**What is required**
Copy the first line of the material below and every later line through the line containing "E = matrix (closest_point", without any other output.

**Given entries**
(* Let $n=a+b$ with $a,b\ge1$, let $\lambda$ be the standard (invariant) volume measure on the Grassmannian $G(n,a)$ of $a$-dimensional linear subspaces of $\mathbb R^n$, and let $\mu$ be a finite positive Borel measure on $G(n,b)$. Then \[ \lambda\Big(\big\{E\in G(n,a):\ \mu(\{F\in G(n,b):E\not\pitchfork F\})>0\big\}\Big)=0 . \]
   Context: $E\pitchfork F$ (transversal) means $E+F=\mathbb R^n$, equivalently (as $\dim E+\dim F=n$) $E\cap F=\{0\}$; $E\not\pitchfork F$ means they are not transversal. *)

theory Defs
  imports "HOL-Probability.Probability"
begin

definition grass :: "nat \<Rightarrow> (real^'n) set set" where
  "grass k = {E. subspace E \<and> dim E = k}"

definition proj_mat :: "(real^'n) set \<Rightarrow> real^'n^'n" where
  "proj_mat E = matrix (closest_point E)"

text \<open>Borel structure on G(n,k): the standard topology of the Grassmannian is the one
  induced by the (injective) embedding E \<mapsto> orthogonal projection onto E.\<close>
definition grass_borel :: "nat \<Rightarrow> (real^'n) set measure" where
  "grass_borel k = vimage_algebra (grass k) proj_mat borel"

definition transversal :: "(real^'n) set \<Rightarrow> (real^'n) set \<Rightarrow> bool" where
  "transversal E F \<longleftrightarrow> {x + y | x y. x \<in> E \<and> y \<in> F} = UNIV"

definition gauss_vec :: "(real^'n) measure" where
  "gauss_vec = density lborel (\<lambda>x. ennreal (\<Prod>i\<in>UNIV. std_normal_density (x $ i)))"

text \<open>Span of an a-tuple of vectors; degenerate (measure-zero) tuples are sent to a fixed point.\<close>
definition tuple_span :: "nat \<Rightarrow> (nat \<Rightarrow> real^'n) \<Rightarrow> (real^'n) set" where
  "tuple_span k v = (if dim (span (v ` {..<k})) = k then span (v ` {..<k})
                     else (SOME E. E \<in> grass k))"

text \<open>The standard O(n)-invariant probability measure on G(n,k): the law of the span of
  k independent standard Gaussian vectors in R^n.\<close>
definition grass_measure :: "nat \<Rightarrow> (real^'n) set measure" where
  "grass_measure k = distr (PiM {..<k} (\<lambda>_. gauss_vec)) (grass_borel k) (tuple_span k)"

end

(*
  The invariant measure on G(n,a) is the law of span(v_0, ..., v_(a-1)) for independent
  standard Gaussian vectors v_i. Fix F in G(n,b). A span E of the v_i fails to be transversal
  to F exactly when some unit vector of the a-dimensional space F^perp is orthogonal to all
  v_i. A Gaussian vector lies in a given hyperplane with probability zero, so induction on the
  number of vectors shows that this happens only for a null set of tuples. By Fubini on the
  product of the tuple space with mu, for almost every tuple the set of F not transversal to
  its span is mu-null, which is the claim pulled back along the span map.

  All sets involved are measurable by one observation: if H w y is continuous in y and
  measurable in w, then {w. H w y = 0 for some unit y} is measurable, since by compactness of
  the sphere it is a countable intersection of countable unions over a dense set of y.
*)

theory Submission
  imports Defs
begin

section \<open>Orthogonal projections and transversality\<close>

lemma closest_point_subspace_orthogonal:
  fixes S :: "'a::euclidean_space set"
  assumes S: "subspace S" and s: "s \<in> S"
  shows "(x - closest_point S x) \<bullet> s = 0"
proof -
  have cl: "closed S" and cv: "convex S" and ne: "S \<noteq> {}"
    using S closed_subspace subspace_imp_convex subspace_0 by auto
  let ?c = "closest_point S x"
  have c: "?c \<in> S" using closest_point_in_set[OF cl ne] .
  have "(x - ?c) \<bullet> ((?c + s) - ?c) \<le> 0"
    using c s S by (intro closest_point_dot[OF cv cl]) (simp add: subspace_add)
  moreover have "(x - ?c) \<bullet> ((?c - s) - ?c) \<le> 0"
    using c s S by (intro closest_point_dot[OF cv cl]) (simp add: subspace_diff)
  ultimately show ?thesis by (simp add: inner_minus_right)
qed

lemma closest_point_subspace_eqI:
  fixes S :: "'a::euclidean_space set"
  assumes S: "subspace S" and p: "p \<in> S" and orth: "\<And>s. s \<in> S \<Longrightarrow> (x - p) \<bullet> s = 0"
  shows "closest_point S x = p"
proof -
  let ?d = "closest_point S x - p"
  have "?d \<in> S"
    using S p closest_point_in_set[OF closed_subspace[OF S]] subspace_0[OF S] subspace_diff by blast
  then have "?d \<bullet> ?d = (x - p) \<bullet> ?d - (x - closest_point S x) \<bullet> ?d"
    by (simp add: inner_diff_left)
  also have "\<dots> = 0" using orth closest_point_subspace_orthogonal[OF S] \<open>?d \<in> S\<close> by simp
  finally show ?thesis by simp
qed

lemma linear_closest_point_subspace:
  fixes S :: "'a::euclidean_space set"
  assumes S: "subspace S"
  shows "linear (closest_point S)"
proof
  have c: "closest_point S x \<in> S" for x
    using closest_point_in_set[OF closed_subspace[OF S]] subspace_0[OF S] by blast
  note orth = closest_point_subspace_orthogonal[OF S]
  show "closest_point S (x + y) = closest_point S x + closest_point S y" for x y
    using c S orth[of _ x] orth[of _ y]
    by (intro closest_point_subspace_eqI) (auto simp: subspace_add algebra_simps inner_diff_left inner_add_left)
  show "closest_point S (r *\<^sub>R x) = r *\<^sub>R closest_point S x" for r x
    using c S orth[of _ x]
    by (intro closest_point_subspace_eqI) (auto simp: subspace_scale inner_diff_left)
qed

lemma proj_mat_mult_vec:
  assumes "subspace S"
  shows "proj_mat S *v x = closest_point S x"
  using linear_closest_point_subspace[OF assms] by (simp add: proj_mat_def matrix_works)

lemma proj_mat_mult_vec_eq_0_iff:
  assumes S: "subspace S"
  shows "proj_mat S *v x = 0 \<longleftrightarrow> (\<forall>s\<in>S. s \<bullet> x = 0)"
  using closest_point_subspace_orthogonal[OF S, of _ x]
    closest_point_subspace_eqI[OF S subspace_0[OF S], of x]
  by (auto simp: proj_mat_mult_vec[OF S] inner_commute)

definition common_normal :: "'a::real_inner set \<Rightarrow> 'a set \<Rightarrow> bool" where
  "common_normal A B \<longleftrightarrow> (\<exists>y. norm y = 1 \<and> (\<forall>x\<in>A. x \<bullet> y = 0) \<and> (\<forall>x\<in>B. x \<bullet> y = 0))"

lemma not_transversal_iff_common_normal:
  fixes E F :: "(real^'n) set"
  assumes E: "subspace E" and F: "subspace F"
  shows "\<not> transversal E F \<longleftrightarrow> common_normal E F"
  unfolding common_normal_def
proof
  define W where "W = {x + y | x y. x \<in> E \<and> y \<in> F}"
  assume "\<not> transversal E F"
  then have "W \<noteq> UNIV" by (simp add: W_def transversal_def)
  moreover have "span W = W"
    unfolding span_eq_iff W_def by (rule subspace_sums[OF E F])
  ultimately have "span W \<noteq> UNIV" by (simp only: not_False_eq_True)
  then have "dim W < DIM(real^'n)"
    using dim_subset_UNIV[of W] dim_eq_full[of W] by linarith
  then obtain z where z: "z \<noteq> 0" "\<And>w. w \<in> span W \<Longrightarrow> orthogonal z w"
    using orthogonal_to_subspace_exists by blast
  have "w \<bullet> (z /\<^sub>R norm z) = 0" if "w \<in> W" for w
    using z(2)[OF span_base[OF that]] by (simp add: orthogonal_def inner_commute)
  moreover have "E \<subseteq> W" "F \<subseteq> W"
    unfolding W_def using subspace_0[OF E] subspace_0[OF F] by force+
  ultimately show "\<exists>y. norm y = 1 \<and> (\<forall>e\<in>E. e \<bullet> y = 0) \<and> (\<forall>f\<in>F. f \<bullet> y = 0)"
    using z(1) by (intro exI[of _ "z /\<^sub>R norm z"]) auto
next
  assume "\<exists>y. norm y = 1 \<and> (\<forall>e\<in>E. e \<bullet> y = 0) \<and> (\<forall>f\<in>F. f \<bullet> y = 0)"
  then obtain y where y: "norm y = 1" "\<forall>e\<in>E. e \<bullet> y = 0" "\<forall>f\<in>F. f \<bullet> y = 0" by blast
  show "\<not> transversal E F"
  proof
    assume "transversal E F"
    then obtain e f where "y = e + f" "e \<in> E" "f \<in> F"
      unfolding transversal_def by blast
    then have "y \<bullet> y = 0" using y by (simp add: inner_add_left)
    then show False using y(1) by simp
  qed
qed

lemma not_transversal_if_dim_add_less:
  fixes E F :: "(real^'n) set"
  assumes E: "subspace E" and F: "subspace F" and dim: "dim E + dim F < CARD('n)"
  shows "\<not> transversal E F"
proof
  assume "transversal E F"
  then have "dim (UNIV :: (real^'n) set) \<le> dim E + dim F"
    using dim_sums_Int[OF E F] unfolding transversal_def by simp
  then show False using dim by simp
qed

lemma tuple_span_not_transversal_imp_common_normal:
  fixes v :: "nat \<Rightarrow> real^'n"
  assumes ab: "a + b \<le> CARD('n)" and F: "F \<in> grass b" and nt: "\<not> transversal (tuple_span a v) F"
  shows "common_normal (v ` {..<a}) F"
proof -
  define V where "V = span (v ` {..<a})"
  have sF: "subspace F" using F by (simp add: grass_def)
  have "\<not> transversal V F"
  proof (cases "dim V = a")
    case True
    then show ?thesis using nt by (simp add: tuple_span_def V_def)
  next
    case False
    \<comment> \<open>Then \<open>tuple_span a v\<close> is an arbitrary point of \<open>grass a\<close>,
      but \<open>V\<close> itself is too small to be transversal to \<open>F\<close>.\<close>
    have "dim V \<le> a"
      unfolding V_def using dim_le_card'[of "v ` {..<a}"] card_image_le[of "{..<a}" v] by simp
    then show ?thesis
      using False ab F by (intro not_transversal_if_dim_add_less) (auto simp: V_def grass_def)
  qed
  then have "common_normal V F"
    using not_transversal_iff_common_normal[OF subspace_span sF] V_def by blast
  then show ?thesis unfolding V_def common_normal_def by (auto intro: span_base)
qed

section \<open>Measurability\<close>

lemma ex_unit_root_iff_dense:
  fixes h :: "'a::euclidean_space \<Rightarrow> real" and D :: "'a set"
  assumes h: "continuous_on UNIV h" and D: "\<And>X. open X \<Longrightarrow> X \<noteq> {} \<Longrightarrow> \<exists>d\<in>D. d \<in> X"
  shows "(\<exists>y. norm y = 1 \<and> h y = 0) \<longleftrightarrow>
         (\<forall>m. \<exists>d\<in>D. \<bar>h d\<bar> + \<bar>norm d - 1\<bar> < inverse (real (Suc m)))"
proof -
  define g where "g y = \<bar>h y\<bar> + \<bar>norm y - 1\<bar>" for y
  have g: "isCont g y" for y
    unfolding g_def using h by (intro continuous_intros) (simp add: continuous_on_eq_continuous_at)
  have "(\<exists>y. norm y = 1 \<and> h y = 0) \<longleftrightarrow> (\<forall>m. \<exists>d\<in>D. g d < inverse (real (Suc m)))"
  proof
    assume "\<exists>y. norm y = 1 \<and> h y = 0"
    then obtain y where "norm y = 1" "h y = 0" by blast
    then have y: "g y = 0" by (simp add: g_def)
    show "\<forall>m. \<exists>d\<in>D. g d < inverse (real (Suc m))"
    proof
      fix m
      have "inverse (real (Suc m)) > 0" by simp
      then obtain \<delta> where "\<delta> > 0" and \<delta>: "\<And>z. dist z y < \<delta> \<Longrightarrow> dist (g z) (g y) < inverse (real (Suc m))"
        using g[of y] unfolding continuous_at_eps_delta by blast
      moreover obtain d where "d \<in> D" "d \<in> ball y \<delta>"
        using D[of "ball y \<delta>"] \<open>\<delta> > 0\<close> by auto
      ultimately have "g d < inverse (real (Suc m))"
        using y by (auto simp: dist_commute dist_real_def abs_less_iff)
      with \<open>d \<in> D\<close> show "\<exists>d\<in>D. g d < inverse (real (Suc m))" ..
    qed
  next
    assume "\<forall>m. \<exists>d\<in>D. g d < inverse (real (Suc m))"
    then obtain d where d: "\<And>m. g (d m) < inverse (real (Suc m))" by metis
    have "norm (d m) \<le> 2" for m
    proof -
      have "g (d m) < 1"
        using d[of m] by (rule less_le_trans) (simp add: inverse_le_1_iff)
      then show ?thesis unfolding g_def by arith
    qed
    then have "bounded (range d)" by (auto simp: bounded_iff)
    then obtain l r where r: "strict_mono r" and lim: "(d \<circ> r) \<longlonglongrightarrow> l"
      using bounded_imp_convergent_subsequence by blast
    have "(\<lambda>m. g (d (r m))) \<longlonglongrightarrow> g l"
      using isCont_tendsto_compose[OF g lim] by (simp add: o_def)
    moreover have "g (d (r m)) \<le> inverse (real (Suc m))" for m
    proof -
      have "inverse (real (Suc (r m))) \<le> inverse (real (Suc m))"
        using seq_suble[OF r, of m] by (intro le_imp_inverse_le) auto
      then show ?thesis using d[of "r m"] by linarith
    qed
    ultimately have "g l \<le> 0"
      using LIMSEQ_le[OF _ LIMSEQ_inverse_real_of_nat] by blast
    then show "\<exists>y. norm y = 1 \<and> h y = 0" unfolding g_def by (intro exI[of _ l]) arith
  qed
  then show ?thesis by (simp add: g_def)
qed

**Solution below**
(* Let $n=a+b$ with $a,b\ge1$, let $\lambda$ be the standard (invariant) volume measure on the Grassmannian $G(n,a)$ of $a$-dimensional linear subspaces of $\mathbb R^n$, and let $\mu$ be a finite positive Borel measure on $G(n,b)$. Then \[ \lambda\Big(\big\{E\in G(n,a):\ \mu(\{F\in G(n,b):E\not\pitchfork F\})>0\big\}\Big)=0 . \]
   Context: $E\pitchfork F$ (transversal) means $E+F=\mathbb R^n$, equivalently (as $\dim E+\dim F=n$) $E\cap F=\{0\}$; $E\not\pitchfork F$ means they are not transversal. *)

theory Defs
  imports "HOL-Probability.Probability"
begin

definition grass :: "nat \<Rightarrow> (real^'n) set set" where
  "grass k = {E. subspace E \<and> dim E = k}"

definition proj_mat :: "(real^'n) set \<Rightarrow> real^'n^'n" where
  "proj_mat E = matrix (closest_point E)"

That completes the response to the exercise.